An important issue is the relevance of WTO. Experts such as Dr Shekhar Shah, former economic advisor to the World Bank argues that after the new trade initiatives such as the Trans-Pacific Partnership, one must come to the conclusion that the WTO is dead. This view is also echoed by other experts in developing countries since WTO has struggled to negotiate new commitments in recent years. However, Dr. Vaqar Ahmed of SDPI disagrees. He contends that until the time new trading arrangements become successful, the WTO will continue to provide the overarching framework for the exchange of goods and services. Furthermore, mega-regional trade agreements such as TPP cannot provide for dispute resolution and consumer welfare as laid down under WTO.
The deliberations of the moot touched upon issues that have put the last nail in the coffin of Doha round. The final declaration states that many members believe that “new approaches” are needed to move negotiations forward. The discussion in Nairobi has made it clear that the landscape for the WTO as an institution and a negotiating forum for the global trade would look significantly different in the post-Nairobi world. However, many developing countries including India have shown their displeasure with the new path taken by the WTO.
The most significant outcome of the WTO meeting is creation of a level playing field for agricultural exports. The advanced economies have decided to eliminate export subsidies for agricultural export.
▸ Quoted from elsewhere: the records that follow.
text \<open>Here N, u and b stand for log n, log r and b_n.\<close>

lemma level_gap:
  fixes \<delta> \<epsilon> N u k b :: real
  assumes \<delta>: "0 < \<delta>" "\<delta> < 1/2" and \<epsilon>: "0 < \<epsilon>" "\<epsilon> < 1"
    and u: "u \<le> k + (1/2 - \<delta>) * N" and k: "0 \<le> k" and b: "0 \<le> b"
    and big: "2 * k + b \<le> \<delta> * \<epsilon> * N"
  shows "\<delta> * (2 + (1/2 - \<delta>)) * (1 - \<epsilon>) * (N - u) \<le> (1 - \<epsilon>/2) * (N - 2 * u - b)"
proof -
  define A where "A = 1 - \<epsilon>/2"
  define B where "B = \<delta> * (2 + (1/2 - \<delta>)) * (1 - \<epsilon>)"
  have "0 \<le> \<delta> * \<epsilon> * N"
    using big k b by linarith
  then have N: "0 \<le> N"
    using mult_pos_pos[OF \<delta>(1) \<epsilon>(1)] by (simp add: zero_le_mult_iff)
  have "1 - \<delta> * (2 + (1/2 - \<delta>)) = (1/2 - \<delta>) * (2 - \<delta>)"
    "2 - (2 + (1/2 - \<delta>)) * (1/2 + \<delta>) = (1/2 - \<delta>) * (3/2 - \<delta>)"
    by (simp_all add: field_simps)
  moreover have "0 \<le> (1/2 - \<delta>) * (2 - \<delta>)" "0 \<le> (1/2 - \<delta>) * (3/2 - \<delta>)"
    using \<delta> by simp_all
  ultimately have "\<delta> * (2 + (1/2 - \<delta>)) \<le> 1" "(2 + (1/2 - \<delta>)) * (1/2 + \<delta>) \<le> 2"
    by linarith+
  then have "0 \<le> B" "B \<le> 1"
    using \<delta> \<epsilon> by (auto simp: B_def intro: mult_le_one)
  have "B * (1/2 + \<delta>) = (\<delta> * (1 - \<epsilon>)) * ((2 + (1/2 - \<delta>)) * (1/2 + \<delta>))"
    by (simp add: B_def ac_simps)
  also have "\<dots> \<le> (\<delta> * (1 - \<epsilon>)) * 2"
    using \<open>(2 + (1/2 - \<delta>)) * (1/2 + \<delta>) \<le> 2\<close> \<delta> \<epsilon> by (intro mult_left_mono) auto
  finally have B: "0 \<le> B" "B \<le> 1" "B * (1/2 + \<delta>) \<le> 2 * \<delta> * (1 - \<epsilon>)"
    using \<open>0 \<le> B\<close> \<open>B \<le> 1\<close> by simp_all
  have A: "1/2 \<le> A" "A \<le> 1"
    using \<epsilon> by (auto simp: A_def)
  have "(2 * A - B) * u \<le> (2 * A - B) * (k + (1/2 - \<delta>) * N)"
    using u A B by (intro mult_left_mono) auto
  moreover have "(2 * A - B) * k \<le> 2 * k" "A * b \<le> b"
    using A B k b by (auto intro: mult_right_le_one_le mult_left_le_one_le simp: mult_right_mono)
  moreover have "\<delta> * \<epsilon> * N \<le> (2 * \<delta> * A - B * (1/2 + \<delta>)) * N"
    using B(3) N by (intro mult_right_mono) (auto simp: A_def algebra_simps)
  ultimately have "0 \<le> A * (N - 2 * u - b) - B * (N - u)"
    using big by (simp add: algebra_simps)
  then show ?thesis
    by (simp add: A_def B_def)
qed

lemma le_of_density_bound:
  fixes E P R X c h :: real
  assumes Eh: "E * h \<le> R * X" and E: "E = P * R * (R - 1) / 2" and P: "X \<le> c * R * P"
    and R: "2 \<le> R" and X: "0 < X" and c: "0 < c" and h: "0 \<le> h"
  shows "h \<le> 4 * c"
proof -
  have "X * ((R - 1) / (2 * c)) \<le> c * R * P * ((R - 1) / (2 * c))"
    using P R c by (intro mult_right_mono) auto
  also have "\<dots> = E"
    using c by (simp add: E field_simps)
  finally have "X * ((R - 1) / (2 * c)) * h \<le> E * h"
    using h by (rule mult_right_mono)
  also have "\<dots> \<le> R * X"
    by (rule Eh)
  finally have "X * ((R - 1) / (2 * c) * h) \<le> X * R"
    by (simp only: ac_simps)
  then have "(R - 1) / (2 * c) * h \<le> R"
    by (rule mult_left_le_imp_le) (use X in simp)
  then have "(R - 1) * h \<le> 2 * c * R"
    using c by (simp add: field_simps)
  also have "\<dots> \<le> (R - 1) * (4 * c)"
    using c R by simp
  finally show ?thesis
    using R by simp
qed

context
  fixes p :: "nat \<Rightarrow> nat \<Rightarrow> nat \<Rightarrow> real" and r :: "nat \<Rightarrow> nat"
    and rho :: "nat \<Rightarrow> nat set \<Rightarrow> real" and \<epsilon> :: real
  assumes set: "setting p r rho" and \<epsilon>: "0 < \<epsilon>" "\<epsilon> < 1"
    and hyp: "\<forall>n. \<forall>C\<in>communities n (r n). \<forall>D. D \<subseteq> C \<and> D \<noteq> {} \<longrightarrow>
      expected_edges (p n) D * hfun (rho n C - 1) / (real (card D) * ln (real n / real (card D)))
        \<le> 1 - \<epsilon>"
begin

lemma community_hfun_le:
  assumes C: "C \<in> communities n (r n)" and "1 \<le> r n" and X: "0 < ln (real n / real (r n))"
  shows "expected_edges (p n) C * hfun (rho n C - 1) \<le> (1 - \<epsilon>) * (real (r n) * ln (real n / real (r n)))"
proof -
  have "card C = r n" "C \<noteq> {}"
    using C assms(2) by (auto simp: communities_def)
  moreover have "expected_edges (p n) C * hfun (rho n C - 1) / (real (card C) * ln (real n / real (card C)))
      \<le> 1 - \<epsilon>"
    using hyp C \<open>C \<noteq> {}\<close> by blast
  ultimately show ?thesis
    using X assms(2) by (simp add: pos_divide_le_eq)
qed

lemma rho_le_of_dense:
  fixes \<theta> :: real
  assumes C: "C \<in> communities n (r n)" "2 \<le> r n" and X: "0 < ln (real n / real (r n))"
    and \<theta>: "0 < \<theta>"
    and dense: "1 / pbar (p n) C \<le> \<theta>^2 / (8 * (2 + \<theta>)) * (real (r n) / ln (real n / real (r n)))"
  shows "rho n C - 1 \<le> \<theta>"
proof -
  define X where "X = ln (real n / real (r n))"
  define c0 where "c0 = \<theta>^2 / (8 * (2 + \<theta>))"
  define h where "h = hfun (rho n C - 1)"
  have c0: "0 < c0"
    using \<theta> by (simp add: c0_def)
  have h: "0 \<le> h"
    using setting_rho_gt_1[OF set C(1)] by (simp add: h_def hfun_nonneg)
  have "h \<le> 4 * c0"
  proof (rule le_of_density_bound)
    have "expected_edges (p n) C * h \<le> (1 - \<epsilon>) * (real (r n) * X)"
      using community_hfun_le[OF C(1) _ X] C(2) by (simp add: h_def X_def)
    also have "\<dots> \<le> real (r n) * X"
      using \<epsilon> X by (intro mult_left_le_one_le) (auto simp: X_def)
    finally show "expected_edges (p n) C * h \<le> real (r n) * X" .
    show "expected_edges (p n) C = pbar (p n) C * real (r n) * (real (r n) - 1) / 2"
      using expected_edges_eq_pbar[of C "p n"] C by (simp add: communities_def)
    show "X \<le> c0 * real (r n) * pbar (p n) C"
      using dense[folded c0_def X_def] pbar_pos[OF set C] X by (simp add: X_def pos_divide_le_eq)
  qed (use C(2) X c0 h in \<open>simp_all add: X_def\<close>)
  also have "\<dots> < \<theta>^2 / (2 + \<theta>)"
    using \<theta> by (simp add: c0_def field_simps add_pos_pos mult_pos_pos)
  also have "\<dots> \<le> hfun \<theta>"
    using \<theta> by (simp add: hfun_ge_quadratic)
  finally show ?thesis
    using hfun_less_iff[of \<theta> "rho n C - 1"] \<theta> setting_rho_gt_1[OF set C(1)] by (auto simp: h_def)
qed

lemma calE_level_lt_of_sparse:
  fixes \<delta> \<theta> :: real
  assumes C: "C \<in> communities n (r n)" and D: "D \<in> calE n (r n) (p n) (rho n C) \<epsilon> C"
    and d: "2 \<le> card D" and X: "0 < ln (real n / real (r n))"
    and \<theta>: "rho n C - 1 \<le> \<theta>" and \<delta>: "0 \<le> \<delta>"
    and sparse: "real (card D) * pbar (p n) D \<le> \<delta> * real (r n) * pbar (p n) C"
  shows "(1 - \<epsilon>/2) * calE_level n (r n) D < \<delta> * (2 + \<theta>) * (1 - \<epsilon>) * ln (real n / real (r n))"
proof -
  define s where "s = rho n C - 1"
  define h where "h = hfun s"
  define X where "X = ln (real n / real (r n))"
  define R where "R = real (r n)"
  define d where "d = real (card D)"
  define K where "K = \<delta> * (2 + \<theta>)"
  have s: "0 < s"
    using setting_rho_gt_1[OF set C] by (simp add: s_def)
  have dR: "2 \<le> d" "d \<le> R"
    using d community_subsetD[OF C calE_subset[OF D]] by (simp_all add: d_def R_def)
  have K: "0 \<le> K"
    using \<delta> \<theta> s by (simp add: K_def s_def)
  have EC: "expected_edges (p n) C = pbar (p n) C * R * (R - 1) / 2"
    using expected_edges_eq_pbar[of C "p n"] C dR by (simp add: communities_def R_def)
  have s2: "s^2 \<le> (2 + \<theta>) * h"
    using sq_le_hfun[of s \<theta>] s \<theta> by (simp add: s_def h_def)
  have "s^2 * expected_edges (p n) D = (d - 1) / 2 * s^2 * (d * pbar (p n) D)"
    using expected_edges_eq_pbar[OF d] by (simp add: d_def)
  also have "\<dots> \<le> (d - 1) / 2 * s^2 * (\<delta> * R * pbar (p n) C)"
    using sparse dR by (intro mult_left_mono) (auto simp: d_def R_def)
  also have "\<dots> = (d - 1) / 2 * \<delta> * R * pbar (p n) C * s^2"
    by simp
  also have "\<dots> \<le> (d - 1) / 2 * \<delta> * R * pbar (p n) C * ((2 + \<theta>) * h)"
    using s2 dR \<delta> pbar_pos[OF set C] by (intro mult_left_mono) (auto simp: R_def)
  also have "\<dots> = K * (d - 1) / (R - 1) * (expected_edges (p n) C * h)"
    using dR by (simp add: EC K_def field_simps)
  also have "\<dots> \<le> K * (d - 1) / (R - 1) * ((1 - \<epsilon>) * (R * X))"
    using community_hfun_le[OF C _ X] K dR by (intro mult_left_mono) (auto simp: h_def s_def R_def X_def)
  also have "\<dots> = K * (1 - \<epsilon>) * X * ((d - 1) * R / (R - 1))"
    by simp
  also have "\<dots> \<le> K * (1 - \<epsilon>) * X * d"
    using K \<epsilon> X dR mult_nonneg_nonneg[OF K, of "(1 - \<epsilon>) * X"]
    by (intro mult_left_mono) (auto simp: X_def divide_le_eq algebra_simps)
  finally have "(1 - \<epsilon>/2) * d * calE_level n (r n) D < (K * (1 - \<epsilon>) * X) * d"
    using calE_level_less[OF D] by (simp add: s_def d_def)
  then show ?thesis
    using dR by (simp add: K_def X_def)
qed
However, it is worth noting that the new agreement only covers export subsidies, as no concessions have been made on domestic subsidies that remain in place. The developing countries have been given until 2018 or 2020 on the products for which export subsidies were notified. Also, WTO members have agreed to new rules to discipline the activities of state-owned trading enterprises in agricultural and to limit the benefits of export financing support. Lastly, WTO members called for duty-free and quota-free access for cotton from least-developed countries (LDCs).
Decisions were reached for the specific benefit of LDCs, including enhanced preferential rules of origin and preferential treatment for services providers. The rules of origin agreement establish a set of guidelines to make it easier for exports from LDCs to qualify for preferential market access. Regarding services, a waiver was agreed whereby non-LDC Members can grant preferential treatment to LDCs without breaching their WTO obligations.
The WTO has agreed to expand the Information Technology Agreement to eliminate import duties on 201 IT products, which account for over $1.3 trillion of global trade per year. The negotiations commenced in 2010 and had involved members representing the major exporters of IT products. The elimination of duties will be staged with 65 percent of the list of products becoming duty-free on July 1, 2016, and the duties affecting almost all of the outstanding products phased out by 2019. Finally, at Nairobi the neighbouring country Afghanistan has become a full-fledged member of the WTO.
For Pakistani agricultural exports, Nairobi meeting brought some blessings according to the trade minister who states that Pakistan will have a level playing field after the elimination of agriculture export subsidies. However, Dr. Vaqar Ahmed says that Pakistan enjoys market access arrangements such as GSP/FTAs but faces different challenges such as raising productivity by addressing energy and regulatory barriers. Also, the country’s export subsidies are small compared to competitors and there is pressure from IMF to reduce them further.
It is unfortunate that Pakistan has not acceded to ITA and has opted to stayed away from it. For the larger good of IT exports, ITA can become a substantial help. Similarly, sooner or later Pakistan and Afghanistan will go into WTO litigations since Pakistan has refused to sign a motor vehicle agreement and to open up the road link for India and Afghanistan until now.